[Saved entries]
-*-
(* Let $n\ge 3$ and let $\mathcal{H}$ be the associating hypergraph on $M(D_n,2)$. Then its matching polynomial is $$M(\mathcal{H},w)=\sum_{k=0}^{\,n+\lfloor n/3\rfloor} a_k\, w_1^{\,4n-3k}\, w_2^{\,k},$$ where $a_k$ is the number of $k$-matchings of $\mathcal{H}$, and $a_k\neq 0$ for $k=n+\lfloor n/3\rfloor$.
   Context: $D_n=\langle x,y\mid x^n=y^2=1,\ xy=yx^{-1}\rangle$. $M(D_n,2)=\{(g,\alpha): g\in D_n,\ \alpha\in\mathbb{Z}_2\}$ with $(g_1,\alpha_1)\circ(g_2,\alpha_2)=(g_1^{1-\alpha_2} g_2^{(-1)^{\alpha_1}} g_1^{\alpha_2},\ \alpha_1+\alpha_2)$. The associating hypergraph $\mathcal{H}$ has vertex set $M(D_n,2)$ ($4n$ vertices), and a 3-element set $\{a,b,c\}$ of distinct elements is a hyperedge when $(a\circ b)\circ c=a\circ(b\circ c)$. A $k$-matching is a set of $k$ pairwise vertex-disjoint hyperedges. For a 3-uniform hypergraph with vertex set $V$, the matching polynomial is $M(\mathcal{H},w)=\sum_{M} w_1^{|V|-3|M|} w_2^{|M|}$, the sum over all matchings $M$ (including the empty one), where $w_1,w_2$ are indeterminates (weights of unmatched vertices and of matching hyperedges). *)

theory Defs
  imports Main
begin

text \<open>Dihedral group D_n = <x,y | x^n = y^2 = 1, xy = yx^{-1}>, modelled concretely:
  the pair (i, s) with i < n, s < 2 stands for x^i y^s.
  Then x^i y^s * x^j y^t = x^(i + (-1)^s j) y^(s+t).\<close>

type_synonym dih = "nat \<times> nat"

definition dih_carrier :: "nat \<Rightarrow> dih set" where
  "dih_carrier n = {0..<n} \<times> {0..<2}"

fun dmul :: "nat \<Rightarrow> dih \<Rightarrow> dih \<Rightarrow> dih" where
  "dmul n (i, s) (j, t) =
     ((if s = 0 then i + j else i + (n - j mod n)) mod n, (s + t) mod 2)"

fun dinv :: "nat \<Rightarrow> dih \<Rightarrow> dih" where
  "dinv n (i, s) = (if s = 0 then ((n - i mod n) mod n, 0) else (i, s))"

definition dpow :: "nat \<Rightarrow> dih \<Rightarrow> nat \<Rightarrow> dih" where
  "dpow n g a = (if a = 0 then (0, 0) else g)"

definition dsgn :: "nat \<Rightarrow> dih \<Rightarrow> nat \<Rightarrow> dih" where
  "dsgn n g a = (if a = 0 then g else dinv n g)"

definition M_carrier :: "nat \<Rightarrow> (dih \<times> nat) set" where
  "M_carrier n = dih_carrier n \<times> {0..<2}"

fun mop :: "nat \<Rightarrow> dih \<times> nat \<Rightarrow> dih \<times> nat \<Rightarrow> dih \<times> nat" where
  "mop n (g1, a1) (g2, a2) =
     (dmul n (dmul n (dpow n g1 (1 - a2)) (dsgn n g2 a1)) (dpow n g1 a2), (a1 + a2) mod 2)"

definition hyperedges :: "nat \<Rightarrow> (dih \<times> nat) set set" where
  "hyperedges n = {E. \<exists>a b c. a \<in> M_carrier n \<and> b \<in> M_carrier n \<and> c \<in> M_carrier n \<and>
       distinct [a, b, c] \<and> E = {a, b, c} \<and> mop n (mop n a b) c = mop n a (mop n b c)}"

definition matchings :: "nat \<Rightarrow> (dih \<times> nat) set set set" where
  "matchings n = {M. M \<subseteq> hyperedges n \<and> (\<forall>e\<in>M. \<forall>f\<in>M. e \<noteq> f \<longrightarrow> e \<inter> f = {})}"

definition num_matchings :: "nat \<Rightarrow> nat \<Rightarrow> nat" where
  "num_matchings n k = card {M \<in> matchings n. card M = k}"

definition matching_poly :: "nat \<Rightarrow> 'a::comm_ring_1 \<Rightarrow> 'a \<Rightarrow> 'a" where
  "matching_poly n w1 w2 =
     (\<Sum>M\<in>matchings n. w1 ^ (card (M_carrier n) - 3 * card M) * w2 ^ card M)"

end

theory Submission imports Defs begin

text \<open>Three subsets of \<open>M(D\<^sub>n,2)\<close> are associative, so any three distinct elements of one of them
  form a hyperedge: the rotations \<open>x\<^sup>i\<close> with either \<open>\<alpha>\<close>; the copy \<open>D\<^sub>n \<times> {0}\<close> of the group;
  and the elements \<open>(x\<^sup>i, 0)\<close>, \<open>(x\<^sup>i y, 1)\<close>. Each element except \<open>(x\<^sup>i, 0)\<close> lies in exactly
  one of them, and distributing the \<open>n\<close> elements \<open>(x\<^sup>i, 0)\<close> among the three classes yields
  disjoint sets of sizes \<open>n + p\<close>, \<open>n + q\<close>, \<open>2n - p - q\<close> with \<open>p + q \<le> 2\<close> chosen so that the
  remainders mod 3 add up to less than 3. Greedily cutting each set into triples then gives
  \<open>\<lfloor>4n/3\<rfloor> = n + \<lfloor>n/3\<rfloor>\<close> disjoint hyperedges, the most that \<open>4n\<close> vertices allow.\<close>

text \<open>\<open>dih_of_int n z s\<close> is \<open>x\<^sup>z y\<^sup>s\<close> with an integer exponent \<open>z\<close>, which turns the
  truncated natural-number arithmetic of \<open>dmul\<close> into arithmetic in \<open>\<int>\<close>.\<close>

definition dih_of_int :: "nat \<Rightarrow> int \<Rightarrow> nat \<Rightarrow> dih" where
  "dih_of_int n z s = (nat (z mod int n), s)"

lemma dmul_dih_of_int:
  assumes "n > 0"
  shows "dmul n (dih_of_int n z s) (dih_of_int n w t) =
           dih_of_int n (if s = 0 then z + w else z - w) ((s + t) mod 2)"
proof (cases "s = 0")
  case True
  have "int ((nat (z mod int n) + nat (w mod int n)) mod n) = (z + w) mod int n"
    using assms by (simp add: zmod_int mod_simps)
  then show ?thesis using True unfolding dih_of_int_def by (simp add: nat_eq_iff2 del: of_nat_mod)
next
  case False
  have "nat (w mod int n) < n" using assms by (simp add: nat_less_iff)
  then have "int ((nat (z mod int n) + (n - nat (w mod int n) mod n)) mod n)
        = ((z mod int n - w mod int n) + int n) mod int n"
    using assms by (simp add: zmod_int of_nat_diff algebra_simps)
  also have "\<dots> = (z - w) mod int n" by (simp add: mod_diff_eq)
  finally show ?thesis using False unfolding dih_of_int_def by (simp add: nat_eq_iff2 del: of_nat_mod)
qed

lemma dinv_dih_of_int:
  assumes "n > 0"
  shows "dinv n (dih_of_int n z s) = (if s = 0 then dih_of_int n (- z) 0 else dih_of_int n z s)"
proof -
  have "nat (z mod int n) \<le> n" using assms by (simp add: nat_le_iff order.strict_implies_order)
  then have "int ((n - nat (z mod int n) mod n) mod n) = (int n - z mod int n) mod int n"
    using assms by (simp add: zmod_int of_nat_diff)
  also have "\<dots> = (- z) mod int n" by (simp add: mod_simps)
  finally show ?thesis unfolding dih_of_int_def by (simp add: nat_eq_iff2 del: of_nat_mod)
qed

lemma dpow_dih_of_int: "dpow n g a = (if a = 0 then dih_of_int n 0 0 else g)"
  unfolding dpow_def dih_of_int_def by simp

lemma M_carrier_dih_of_int:
  assumes "x \<in> M_carrier n"
  obtains z s a where "x = (dih_of_int n z s, a)" "s < 2" "a < 2"
proof -
  obtain i s a where "x = ((i, s), a)" "i < n" "s < 2" "a < 2"
    using assms unfolding M_carrier_def dih_carrier_def by auto
  then show thesis by (intro that[of "int i" s a]) (simp_all add: dih_of_int_def)
qed

definition assoc_on :: "nat \<Rightarrow> (dih \<times> nat) set \<Rightarrow> bool" where
  "assoc_on n S \<longleftrightarrow> (\<forall>x\<in>S. \<forall>y\<in>S. \<forall>z\<in>S. mop n (mop n x y) z = mop n x (mop n y z))"

lemma assoc_on_subset: "assoc_on n S \<Longrightarrow> T \<subseteq> S \<Longrightarrow> assoc_on n T"
  unfolding assoc_on_def by blast

lemma assoc_on_by_type:
  assumes "n > 0"
    and "\<And>z1 z2 z3 s1 s2 s3 a1 a2 a3. P s1 a1 \<Longrightarrow> P s2 a2 \<Longrightarrow> P s3 a3 \<Longrightarrow>
           s1 < 2 \<Longrightarrow> s2 < 2 \<Longrightarrow> s3 < 2 \<Longrightarrow> a1 < 2 \<Longrightarrow> a2 < 2 \<Longrightarrow> a3 < 2 \<Longrightarrow>
           mop n (mop n (dih_of_int n z1 s1, a1) (dih_of_int n z2 s2, a2)) (dih_of_int n z3 s3, a3) =
           mop n (dih_of_int n z1 s1, a1) (mop n (dih_of_int n z2 s2, a2) (dih_of_int n z3 s3, a3))"
  shows "assoc_on n {x \<in> M_carrier n. P (snd (fst x)) (snd x)}" (is "assoc_on n ?S")
  unfolding assoc_on_def
proof (intro ballI)
  fix x y z assume x: "x \<in> ?S" and y: "y \<in> ?S" and z: "z \<in> ?S"
  obtain z1 s1 a1 where "x = (dih_of_int n z1 s1, a1)" "s1 < 2" "a1 < 2"
    using x by (blast elim: M_carrier_dih_of_int)
  moreover obtain z2 s2 a2 where "y = (dih_of_int n z2 s2, a2)" "s2 < 2" "a2 < 2"
    using y by (blast elim: M_carrier_dih_of_int)
  moreover obtain z3 s3 a3 where "z = (dih_of_int n z3 s3, a3)" "s3 < 2" "a3 < 2"
    using z by (blast elim: M_carrier_dih_of_int)
  ultimately show "mop n (mop n x y) z = mop n x (mop n y z)"
    using x y z assms(2) by (simp add: dih_of_int_def del: mop.simps)
qed

lemma assoc_on_rotations: "n > 0 \<Longrightarrow> assoc_on n {x \<in> M_carrier n. snd (fst x) = 0}"
  by (rule assoc_on_by_type, assumption, unfold less_2_cases_iff, elim disjE)
    (simp_all add: dpow_dih_of_int dsgn_def dinv_dih_of_int dmul_dih_of_int algebra_simps)

lemma assoc_on_alpha_zero: "n > 0 \<Longrightarrow> assoc_on n {x \<in> M_carrier n. snd x = 0}"
  by (rule assoc_on_by_type, assumption, unfold less_2_cases_iff, elim disjE)
    (simp_all add: dpow_dih_of_int dsgn_def dinv_dih_of_int dmul_dih_of_int algebra_simps)

lemma assoc_on_reflection_iff_alpha: "n > 0 \<Longrightarrow> assoc_on n {x \<in> M_carrier n. snd (fst x) = snd x}"
  by (rule assoc_on_by_type, assumption, unfold less_2_cases_iff, elim disjE)
    (simp_all add: dpow_dih_of_int dsgn_def dinv_dih_of_int dmul_dih_of_int algebra_simps)

lemma finite_M_carrier: "finite (M_carrier n)"
  unfolding M_carrier_def dih_carrier_def by simp

lemma card_M_carrier: "card (M_carrier n) = 4 * n"
  unfolding M_carrier_def dih_carrier_def by (simp add: card_cartesian_product)

lemma hyperedgesD:
  assumes "e \<in> hyperedges n"
  shows "e \<subseteq> M_carrier n" "card e = 3"
proof -
  obtain a b c where "a \<in> M_carrier n" "b \<in> M_carrier n" "c \<in> M_carrier n"
    "distinct [a, b, c]" "e = {a, b, c}"
    using assms unfolding hyperedges_def by blast
  then show "e \<subseteq> M_carrier n" "card e = 3" by simp_all
qed

lemma hyperedgesI:
  assumes "e \<subseteq> M_carrier n" "card e = 3" "assoc_on n e"
  shows "e \<in> hyperedges n"
proof -
  obtain a b c where "e = {a, b, c}" "a \<noteq> b" "b \<noteq> c" "a \<noteq> c"
    using assms(2) unfolding card_3_iff by blast
  then show ?thesis
    using assms(1,3) unfolding hyperedges_def assoc_on_def
    by (intro CollectI exI[of _ a] exI[of _ b] exI[of _ c]) simp
qed

lemma finite_hyperedges: "finite (hyperedges n)"
proof (rule finite_subset)
  show "hyperedges n \<subseteq> Pow (M_carrier n)" using hyperedgesD(1) by blast
qed (simp add: finite_M_carrier)

lemma finite_matchings: "finite (matchings n)"
proof (rule finite_subset)
  show "matchings n \<subseteq> Pow (hyperedges n)" unfolding matchings_def by blast
qed (simp add: finite_hyperedges)

lemma matchingsI:
  assumes "M \<subseteq> hyperedges n" "\<And>e f. e \<in> M \<Longrightarrow> f \<in> M \<Longrightarrow> e \<noteq> f \<Longrightarrow> e \<inter> f = {}"
  shows "M \<in> matchings n"
  using assms unfolding matchings_def by blast

lemma matchingsD:
  assumes "M \<in> matchings n"
  shows matching_hyperedge: "e \<in> M \<Longrightarrow> e \<in> hyperedges n"
    and matching_disjoint: "e \<in> M \<Longrightarrow> f \<in> M \<Longrightarrow> e \<noteq> f \<Longrightarrow> e \<inter> f = {}"
  using assms unfolding matchings_def by blast+

lemma finite_matching: "M \<in> matchings n \<Longrightarrow> finite M"
  unfolding matchings_def using finite_hyperedges finite_subset by blast

lemma card_Union_matching:
  assumes "M \<in> matchings n"
  shows "card (\<Union>M) = 3 * card M"
proof -
  have sub: "M \<subseteq> hyperedges n" and "pairwise disjnt M"
    using assms unfolding matchings_def pairwise_def disjnt_def by auto
  moreover have "finite e" if "e \<in> M" for e
    using that sub hyperedgesD(2) card.infinite by fastforce
  ultimately have "card (\<Union>M) = sum card M" by (simp add: card_Union_disjoint)
  also have "\<dots> = (\<Sum>e\<in>M. 3)" using sub hyperedgesD(2) by (intro sum.cong) blast+
  also have "\<dots> = 3 * card M" by simp
  finally show ?thesis .
qed

lemma Union_matching_subset: "M \<in> matchings n \<Longrightarrow> \<Union>M \<subseteq> M_carrier n"
  by (intro Union_least hyperedgesD(1) matching_hyperedge)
-*-
DESCRIPTION OF THE TASK
Return only the lines between the one holding "and the elements" and the one holding "that \<open>4n\<close> vertices allow.\<close>", inclusive, exactly as they appear above.

ANSWER AREA
  and the elements \<open>(x\<^sup>i, 0)\<close>, \<open>(x\<^sup>i y, 1)\<close>. Each element except \<open>(x\<^sup>i, 0)\<close> lies in exactly
  one of them, and distributing the \<open>n\<close> elements \<open>(x\<^sup>i, 0)\<close> among the three classes yields
  disjoint sets of sizes \<open>n + p\<close>, \<open>n + q\<close>, \<open>2n - p - q\<close> with \<open>p + q \<le> 2\<close> chosen so that the
  remainders mod 3 add up to less than 3. Greedily cutting each set into triples then gives
  \<open>\<lfloor>4n/3\<rfloor> = n + \<lfloor>n/3\<rfloor>\<close> disjoint hyperedges, the most that \<open>4n\<close> vertices allow.\<close>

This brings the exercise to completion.